- Born: January 24, 1936 (age 90) Knoxville
- Education: University of Tennessee B.A. magna cum laude, in English and French, 1958
- Occupations: Poet, author
- Children: Three children

= Marilou Awiakta =

American poet

Marilou Awiakta (born January 24, 1936, in Knoxville, Tennessee) is an American writer known for her poetry and essays about her experiences growing up in Oak Ridge, Tennessee.

== Biography and career ==
Marilou Awiakta is the seventh generation of her family to grow up in Appalachia, mostly in East Tennessee. Since 1730, her family has lived in the mountainous area of the state.

Awiakta graduated from the University of Tennessee in 1958 receiving a B.A. magna cum laude, in both English and French.

==Awards==
- Distinguished Tennessee Writer Award, 1989
- Appalachian Heritage Writer's Award, Shepherd College, 2000

==Books==
- Abiding Appalachia: Where Mountain and Atom Meet. Memphis: Saint Luke's Press, 1978. Rpt. Bell Buckle, TN: Iris Press, 1995. 71 pp.
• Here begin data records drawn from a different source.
(* Let $k\ge 2$ and $n\ge 1$ be integers and let $1\le M\le kn-1$. Then the probability of selecting an item of highest rank (rank $n$) using the strategy $\mathcal{S}(n,k;M)$ is \[ P_{n,k}(\mathcal{S}(n,k;M))=\sum_{l=1}^{k-1}\frac{\binom Ml(k)_l\,(k(n-1))_{M-l}}{(kn)_M} +k\sum_{j=1}^{n-1}\sum_{l=1}^k \frac{\binom Ml(k)_l\,(k(j-1))_{M-l}}{(kn)_M}\cdot\frac 1{k(n-j+1)-l}. \]
   Context: Fix integers $k\ge2$, $n\ge1$. There are $kn$ items, $k$ items at each of the ranks $1,2,\dots,n$ (rank $n$ is highest). The items are revealed one at a time in a uniformly random order, i.e. the sequence of ranks is a uniformly random permutation of the multiset $\{1^k,2^k,\dots,n^k\}$ (each number in $\{1,\dots,n\}$ repeated $k$ times); $P_{n,k}$ denotes this uniform probability. For $M\in\{1,\dots,kn-1\}$, the strategy $\mathcal{S}(n,k;M)$ lets the first $M$ items pass and then selects the first later-arriving item whose rank is greater than or equal to the highest rank among the first $M$ items (if such an item exists; otherwise nothing is selected). $P_{n,k}(\mathcal{S}(n,k;M))$ denotes the probability that this strategy selects an item of rank $n$. Notation: $(b)_a=b(b-1)\cdots(b-a+1)$ is the falling factorial for nonnegative integers $a,b$, with $(b)_0=1$ (so $(b)_a=0$ if $a>b$). *)

theory Defs
  imports Complex_Main "HOL-Combinatorics.Multiset_Permutations"
begin

definition rank_mset :: "nat \<Rightarrow> nat \<Rightarrow> nat multiset" where
  "rank_mset n k = (\<Sum>r\<in>{1..n}. replicate_mset k r)"

definition arrangements :: "nat \<Rightarrow> nat \<Rightarrow> nat list set" where
  "arrangements n k = permutations_of_multiset (rank_mset n k)"

definition strategy_succeeds :: "nat \<Rightarrow> nat \<Rightarrow> nat list \<Rightarrow> bool" where
  "strategy_succeeds n M xs =
     (case find (\<lambda>x. Max (set (take M xs)) \<le> x) (drop M xs) of
        None \<Rightarrow> False
      | Some x \<Rightarrow> x = n)"

definition success_prob :: "nat \<Rightarrow> nat \<Rightarrow> nat \<Rightarrow> real" where
  "success_prob n k M =
     real (card {xs \<in> arrangements n k. strategy_succeeds n M xs}) / real (card (arrangements n k))"

text \<open>Falling factorial (b)_a = b(b-1)...(b-a+1); equals 0 if a > b.\<close>
definition ffall :: "nat \<Rightarrow> nat \<Rightarrow> nat" where
  "ffall b a = (\<Prod>i<a. b - i)"
(* Let $H$ be a complex Hilbert space and $\{\mathcal{U}(t)\}_{t\geq 0}$ a strongly continuous semigroup on $H$ with generator $\mathcal{L}$. Let $z\in D(\mathcal{L})\cap D(\mathcal{L}^\dagger)$ with $z\neq0$, $\mathcal{P}:=(\cdot,z)(z,z)^{-1}z$, $\mathcal{Q}:=1-\mathcal{P}$. Let $K:\mathbb{R}_+\to\mathbb{C}$ be the unique continuous solution of $$K(t)=(\mathcal{U}(t)\mathcal{QL}z,\mathcal{Q}\mathcal{L}^\dagger z)(z,z)^{-1}-\int_0^tK(t-s)\,(\mathcal{U}(s)z,\mathcal{Q}\mathcal{L}^\dagger z)(z,z)^{-1}\,ds,$$ let $\eta_t:=\mathcal{U}(t)\mathcal{QL}z-\int_0^tK(t-s)\,\mathcal{U}(s)z\,ds$, and let $\{\mathcal{G}(t)\}_{t\ge0}$ be the strongly continuous semigroup generated by $\overline{\mathcal{QL}}\mathcal{Q}$. Then for all $t\ge0$: $\eta_t=\mathcal{G}(t)\mathcal{QL}z$, and $\int_0^t\eta_s\,ds\in D(\overline{\mathcal{QL}}\mathcal{Q})$ with $\eta_t=\eta_0+\overline{\mathcal{QL}}\mathcal{Q}\int_0^t\eta_s\,ds$.
   Context: The scalar product $(\cdot,\cdot)$ on $H$ is conjugate-linear in its second argument. The generator is $\mathcal{L}x:=\lim_{h\searrow 0}\frac1h[\mathcal{U}(h)x-x]$ on the set $D(\mathcal{L})$ where the limit exists; $\dagger$ denotes the adjoint, the overbar the closure; $D(\overline{\mathcal{QL}}\mathcal{Q})=\{x:\mathcal{Q}x\in D(\overline{\mathcal{QL}})\}$. Integrals are Bochner integrals. *)

theory Defs
  imports "HOL-Analysis.Analysis"
begin

text \<open>A complex Hilbert space: a Banach space (over the reals) carrying a complex
scalar multiplication compatible with the real one, and a complex inner product
which is linear in the first and conjugate-linear in the second argument and
induces the norm.\<close>

class chilbert = banach +
  fixes cscale :: "complex \<Rightarrow> 'a \<Rightarrow> 'a"
    and cinner :: "'a \<Rightarrow> 'a \<Rightarrow> complex"
  assumes cscale_of_real: "cscale (complex_of_real r) x = r *\<^sub>R x"
    and cscale_add_right: "cscale a (x + y) = cscale a x + cscale a y"
    and cscale_add_left: "cscale (a + b) x = cscale a x + cscale b x"
    and cscale_cscale: "cscale a (cscale b x) = cscale (a * b) x"
    and cscale_one: "cscale 1 x = x"
    and cinner_add_left: "cinner (x + y) w = cinner x w + cinner y w"
    and cinner_cscale_left: "cinner (cscale a x) w = a * cinner x w"
    and cinner_commute: "cinner y x = cnj (cinner x y)"
    and cinner_self_norm: "cinner x x = complex_of_real ((norm x)\<^sup>2)"

definition bounded_clinear_op :: "('a::chilbert \<Rightarrow> 'a) \<Rightarrow> bool" where
  "bounded_clinear_op T \<longleftrightarrow>
     (\<forall>x y. T (x + y) = T x + T y) \<and> (\<forall>a x. T (cscale a x) = cscale a (T x)) \<and>
     (\<exists>C. \<forall>x. norm (T x) \<le> C * norm x)"

definition c0_semigroup :: "(real \<Rightarrow> 'a::chilbert \<Rightarrow> 'a) \<Rightarrow> bool" where
  "c0_semigroup U \<longleftrightarrow>
     (\<forall>t\<ge>0. bounded_clinear_op (U t)) \<and> U 0 = id \<and>
     (\<forall>s\<ge>0. \<forall>t\<ge>0. U (s + t) = U s \<circ> U t) \<and>
     (\<forall>x. ((\<lambda>t. U t x) \<longlongrightarrow> x) (at_right 0))"

definition gen_dom :: "(real \<Rightarrow> 'a::chilbert \<Rightarrow> 'a) \<Rightarrow> 'a set" where
  "gen_dom U = {x. \<exists>y. ((\<lambda>h. (1 / h) *\<^sub>R (U h x - x)) \<longlongrightarrow> y) (at_right 0)}"

definition gen :: "(real \<Rightarrow> 'a::chilbert \<Rightarrow> 'a) \<Rightarrow> 'a \<Rightarrow> 'a" where
  "gen U x = Lim (at_right 0) (\<lambda>h. (1 / h) *\<^sub>R (U h x - x))"

definition adj_dom :: "'a set \<Rightarrow> ('a::chilbert \<Rightarrow> 'a) \<Rightarrow> 'a set" where
  "adj_dom D T = {y. \<exists>w. \<forall>x\<in>D. cinner (T x) y = cinner x w}"

definition adj :: "'a set \<Rightarrow> ('a::chilbert \<Rightarrow> 'a) \<Rightarrow> 'a \<Rightarrow> 'a" where
  "adj D T y = (THE w. \<forall>x\<in>D. cinner (T x) y = cinner x w)"

definition cl_graph :: "'a set \<Rightarrow> ('a::chilbert \<Rightarrow> 'a) \<Rightarrow> ('a \<times> 'a) set" where
  "cl_graph D T = closure {(x, T x) | x. x \<in> D}"

definition cl_dom :: "'a set \<Rightarrow> ('a::chilbert \<Rightarrow> 'a) \<Rightarrow> 'a set" where
  "cl_dom D T = {x. \<exists>y. (x, y) \<in> cl_graph D T}"

definition cl_op :: "'a set \<Rightarrow> ('a::chilbert \<Rightarrow> 'a) \<Rightarrow> 'a \<Rightarrow> 'a" where
  "cl_op D T x = (THE y. (x, y) \<in> cl_graph D T)"

definition projP :: "'a::chilbert \<Rightarrow> 'a \<Rightarrow> 'a" where
  "projP z x = cscale (cinner x z / cinner z z) z"

definition projQ :: "'a::chilbert \<Rightarrow> 'a \<Rightarrow> 'a" where
  "projQ z x = x - projP z x"

end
Rp. 2006 Pocahontas Press, 65 pp.
- Rising Fawn and the Fire Mystery: A Child's Christmas in Memphis, 1833. Memphis: Saint Luke's Press, 1983.
- Selu: Seeking the Corn-Mother's Wisdom. Golden, CO: Fulcrum, 1993. A blend of story, essay, and poetry.

==Analysis==
Awiakta's poetry is analysed at length in Our Fire Survives the Storm by Daniel Heath Justice (Cherokee Nation).